*YOUR INSTRUCTIONS*.
Your answer should consist solely of the lines from the first line of the data through the line with "(card G) \<le>", each reproduced exactly.

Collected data
lemma finite_window:
  assumes "L \<ge> 0"
  shows "finite (window a L k)"
proof (rule finite_if_finite_subsets_card_bdd[THEN conjunct1])
  fix G assume G: "G \<subseteq> window a L k" "finite G"
  have "(\<Sum>(k', x)\<in>(\<lambda>x. (k, x)) ` G. 1 / \<rho> ^ k') \<le> (a + L + 1) - a"
  proof (rule packing_bound)
    show "\<forall>(k', x)\<in>(\<lambda>x. (k, x)) ` G. a \<le> x \<and> x + 1 / \<rho> ^ k' \<le> a + L + 1"
      using G(1) inverse_power_le_one[of k] unfolding window_def by fastforce
  qed (use G assms in \<open>auto simp: window_def\<close>)
  then have "real (card G) / \<rho> ^ k \<le> L + 1"
    by (simp add: sum.reindex inj_on_def)
  then have "real (card G) \<le> (L + 1) * \<rho> ^ k" using rho_pos by (simp add: divide_le_eq)
  then show "card G \<le> nat \<lceil>(L + 1) * \<rho> ^ k\<rceil>" by linarith
qed

lemma window_count_sum_le:
  assumes "L \<ge> 0"
  shows "(\<Sum>k=1..N. real (window_count k a L) / \<rho> ^ k) \<le> L + 1"
proof -
  have "(\<Sum>k=1..N. real (window_count k a L) / \<rho> ^ k) = (\<Sum>k=1..N. \<Sum>x\<in>window a L k. 1 / \<rho> ^ k)"
    unfolding window_count_def by simp
  also have "\<dots> = (\<Sum>(k, x)\<in>Sigma {1..N} (window a L). 1 / \<rho> ^ k)"
    by (rule sum.Sigma) (use finite_window[OF assms] in auto)
  also have "\<dots> \<le> (a + L + 1) - a"
  proof (rule packing_bound)
    show "Sigma {1..N} (window a L) \<subseteq> D" unfolding window_def by auto
    show "\<forall>(k, x)\<in>Sigma {1..N} (window a L). a \<le> x \<and> x + 1 / \<rho> ^ k \<le> a + L + 1"
    proof clarify
      fix k x assume "x \<in> window a L k"
      then show "a \<le> x \<and> x + 1 / \<rho> ^ k \<le> a + L + 1"
        using inverse_power_le_one[of k] unfolding window_def by auto
    qed
  qed (use finite_window[OF assms] assms in auto)
  finally show ?thesis by simp
qed

lemma pattern_periodic_int: "(k, x + of_int m * p) \<in> D \<longleftrightarrow> (k, x) \<in> D"
proof -
  have nat: "(k, y + real n * p) \<in> D \<longleftrightarrow> (k, y) \<in> D" for y n
  proof (induction n)
    case (Suc n)
    have "(k, y + real (Suc n) * p) \<in> D \<longleftrightarrow> (k, (y + real n * p) + p) \<in> D"
      by (simp add: algebra_simps)
    also have "\<dots> \<longleftrightarrow> (k, y) \<in> D" using pattern_periodic Suc by simp
    finally show ?case .
  qed simp
  show ?thesis
  proof (cases "m \<ge> 0")
    case True
    then show ?thesis using nat[of x "nat m"] by simp
  next
    case False
    then have "x = (x + of_int m * p) + real (nat (- m)) * p" by simp
    then show ?thesis using nat[of "x + of_int m * p" "nat (- m)"] by metis
  qed
qed

lemma window_count_shift: "window_count k (a + of_int m * p) L = window_count k a L"
proof -
  have "window (a + of_int m * p) L k = (\<lambda>x. x + of_int m * p) ` window a L k"
  proof (intro set_eqI iffI)
    fix y assume "y \<in> window (a + of_int m * p) L k"
    then have "y - of_int m * p \<in> window a L k"
      unfolding window_def using pattern_periodic_int[of k "y - of_int m * p" m] by auto
    then show "y \<in> (\<lambda>x. x + of_int m * p) ` window a L k" by force
  qed (auto simp: window_def pattern_periodic_int)
  then show ?thesis unfolding window_count_def by (simp add: card_image)
qed

lemma window_count_add:
  assumes "L1 \<ge> 0" and "L2 \<ge> 0"
  shows "window_count k a (L1 + L2) = window_count k a L1 + window_count k (a + L1) L2"
proof -
  have "window a (L1 + L2) k = window a L1 k \<union> window (a + L1) L2 k"
    unfolding window_def using assms by auto
  moreover have "window a L1 k \<inter> window (a + L1) L2 k = {}" unfolding window_def by auto
  ultimately show ?thesis
    unfolding window_count_def using finite_window assms by (simp add: card_Un_disjoint)
qed

lemma window_count_period: "window_count k a p = window_count k 0 p"
proof -
  obtain m :: int where c: "0 \<le> a - of_int m * p" "a - of_int m * p < p"
    using period_representative[OF period_pos] by blast
  define c where "c = a - of_int m * p"
  have "window_count k a p = window_count k c p"
    using window_count_shift[of k c m p] unfolding c_def by simp
  also have "\<dots> = window_count k c (p - c) + window_count k (0 + of_int 1 * p) c"
    using window_count_add[of "p - c" c k c] c unfolding c_def by simp
  also have "\<dots> = window_count k 0 p"
    using window_count_shift[of k 0 1 c] window_count_add[of c "p - c" k 0] c unfolding c_def
    by simp
  finally show ?thesis .
qed

definition freq :: "nat \<Rightarrow> real" where
  "freq k = real (window_count k 0 p)"

lemma freq_nonneg: "freq k \<ge> 0"
  unfolding freq_def by simp

lemma freq_outside:
  assumes "k \<notin> {1..N}"
  shows "freq k = 0"
proof -
  have "window 0 p k = {}" unfolding window_def using pattern_types assms by blast
  then show ?thesis unfolding freq_def window_count_def by simp
qed

lemma freq_le_sum: "freq k \<le> (\<Sum>k=1..N. freq k)"
  using freq_nonneg freq_outside
  by (cases "k \<in> {1..N}") (auto intro: member_le_sum sum_nonneg)

lemma window_count_multiple: "real (window_count k a (real n * p)) = real n * freq k"
proof (induction n arbitrary: a)
  case 0
  have "window a 0 k = {}" unfolding window_def by auto
  then show ?case by (simp add: window_count_def)
next
  case (Suc n)
  have "window_count k a (real (Suc n) * p) = window_count k a p + window_count k (a + p) (real n * p)"
    using window_count_add[of p "real n * p" k a] period_pos by (simp add: algebra_simps)
  then show ?case using Suc window_count_period unfolding freq_def by (simp add: algebra_simps)
qed

lemma window_count_mono: "0 \<le> L1 \<Longrightarrow> L1 \<le> L2 \<Longrightarrow> window_count k a L1 \<le> window_count k a L2"
  using window_count_add[of L1 "L2 - L1" k a] by simp

lemma window_count_estimate:
  assumes "L \<ge> 0"
  shows "\<bar>real (window_count k a L) - L / p * freq k\<bar> \<le> freq k"
proof -
  define q where "q = nat \<lfloor>L / p\<rfloor>"
  have "L / p \<ge> 0" using assms period_pos by simp
  then have "real q = of_int \<lfloor>L / p\<rfloor>" unfolding q_def by simp
  then have q: "real q \<le> L / p" "L / p \<le> real q + 1"
    using of_int_floor_le[of "L / p"] real_of_int_floor_add_one_ge[of "L / p"] by linarith+
  then have "real q * p \<le> L" "L \<le> real (Suc q) * p"
    using period_pos by (simp_all add: field_simps)
  then have "real (window_count k a (real q * p)) \<le> real (window_count k a L)"
    "real (window_count k a L) \<le> real (window_count k a (real (Suc q) * p))"
    using window_count_mono period_pos assms by auto
  then have "real q * freq k \<le> real (window_count k a L)"
    "real (window_count k a L) \<le> (real q + 1) * freq k"
    unfolding window_count_multiple by (simp_all add: algebra_simps)
  moreover have "real q * freq k \<le> L / p * freq k"
    by (rule mult_right_mono[OF q(1) freq_nonneg])
  moreover have "L / p * freq k \<le> (real q + 1) * freq k"
    by (rule mult_right_mono[OF q(2) freq_nonneg])
  ultimately show ?thesis by (simp add: abs_le_iff algebra_simps)
qed

lemma tile_count_le_window_count:
  assumes "t \<in> {1..N}" and "occurs D m t a"
  shows "tile_count m t k \<le> real (window_count k a (\<rho> ^ m / \<rho> ^ t))"
proof -
  let ?L = "\<rho> ^ m / \<rho> ^ t"
  have "(\<lambda>w. a + w) ` {w. (k, w) \<in> supertile1 m t} \<subseteq> window a ?L k"
  proof clarify
    fix w assume w: "(k, w) \<in> supertile1 m t"
    then have bounds: "0 \<le> w" "w + 1 / \<rho> ^ k \<le> ?L"
      using supertile1_bounds[OF assms(1) w] by auto
    moreover have "1 / \<rho> ^ k > 0" using rho_pos by simp
    ultimately have "w < ?L" by linarith
    then show "a + w \<in> window a ?L k"
      unfolding window_def using bounds assms(2) w unfolding occurs_def by auto
  qed
  then have "card ((\<lambda>w. a + w) ` {w. (k, w) \<in> supertile1 m t}) \<le> window_count k a ?L"
    unfolding window_count_def using finite_window[of ?L] rho_pos by (intro card_mono) auto
  then show ?thesis unfolding tile_count_def by (simp add: card_image)
qed

text \<open>Comparing total lengths, an occurring supertile misses at most \<open>\<rho>\<^sup>k\<close> of the tiles of
  type \<open>k\<close> in the window it spans.\<close>
lemma tile_count_estimate:
  assumes "t \<in> {1..N}" and "occurs D m t a"
  shows "\<bar>tile_count m t k - \<rho> ^ m / \<rho> ^ t / p * freq k\<bar> \<le> freq k + \<rho> ^ N"
proof (cases "k \<in> {1..N}")
  case False
  then show ?thesis using tile_count_outside[OF assms(1) False] freq_outside[OF False] rho_pos by simp
next
  case True
  define L where "L = \<rho> ^ m / \<rho> ^ t"
  have "L \<ge> 0" unfolding L_def using rho_pos by simp
  note le = tile_count_le_window_count[OF assms, folded L_def]
  have "(\<Sum>k'=1..N. (real (window_count k' a L) - tile_count m t k') / \<rho> ^ k')
      = (\<Sum>k'=1..N. real (window_count k' a L) / \<rho> ^ k') - total_length (tile_count m t)"
    unfolding total_length_def by (simp add: sum_subtractf diff_divide_distrib)
  also have "\<dots> \<le> 1"
    using window_count_sum_le[OF \<open>L \<ge> 0\<close>, of a] total_length_tile_count[OF assms(1), of m]
    unfolding L_def by simp
  moreover have "(real (window_count k a L) - tile_count m t k) / \<rho> ^ k
      \<le> (\<Sum>k'=1..N. (real (window_count k' a L) - tile_count m t k') / \<rho> ^ k')"
    by (rule member_le_sum) (use True le rho_pos in auto)
  ultimately have "(real (window_count k a L) - tile_count m t k) / \<rho> ^ k \<le> 1" by linarith
  then have "real (window_count k a L) - tile_count m t k \<le> \<rho> ^ k"
    using rho_pos by (simp add: divide_le_eq)
  moreover have "\<rho> ^ k \<le> \<rho> ^ N" using True rho_gt_1 by (intro power_increasing) auto
  moreover have "\<bar>real (window_count k a L) - L / p * freq k\<bar> \<le> freq k"
    by (rule window_count_estimate[OF \<open>L \<ge> 0\<close>])
  ultimately show ?thesis using le[of k] unfolding L_def by (simp add: abs_le_iff)
qed

lemma occurs_unbounded: "\<exists>m\<ge>K. \<exists>a. occurs D m 1 a"
proof -
  obtain t a where "t \<in> {1..N}" "occurs D (K + N) t a"
    using supertiles_occur by blast
  then have "occurs D (K + N + 1 - t) 1 a" using occurs_type_one[of t "K + N"] by auto
  moreover have "K + N + 1 - t \<ge> K" using \<open>t \<in> {1..N}\<close> by auto
  ultimately show ?thesis by blast
qed

lemma tile_count_deviation:
  assumes "occurs D n 1 a"
  shows "\<bar>tile_count n 1 k - \<rho> ^ n / \<rho> / p * freq k\<bar> \<le> (\<Sum>k=1..N. freq k) + \<rho> ^ N"
  using tile_count_estimate[of 1 n a k] assms N_ge_2 freq_le_sum[of k] by simp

*EXERCISE RESULT*.
lemma finite_window:
  assumes "L \<ge> 0"
  shows "finite (window a L k)"
proof (rule finite_if_finite_subsets_card_bdd[THEN conjunct1])
  fix G assume G: "G \<subseteq> window a L k" "finite G"
  have "(\<Sum>(k', x)\<in>(\<lambda>x. (k, x)) ` G. 1 / \<rho> ^ k') \<le> (a + L + 1) - a"
  proof (rule packing_bound)
    show "\<forall>(k', x)\<in>(\<lambda>x. (k, x)) ` G. a \<le> x \<and> x + 1 / \<rho> ^ k' \<le> a + L + 1"
      using G(1) inverse_power_le_one[of k] unfolding window_def by fastforce
  qed (use G assms in \<open>auto simp: window_def\<close>)
  then have "real (card G) / \<rho> ^ k \<le> L + 1"
    by (simp add: sum.reindex inj_on_def)
  then have "real (card G) \<le> (L + 1) * \<rho> ^ k" using rho_pos by (simp add: divide_le_eq)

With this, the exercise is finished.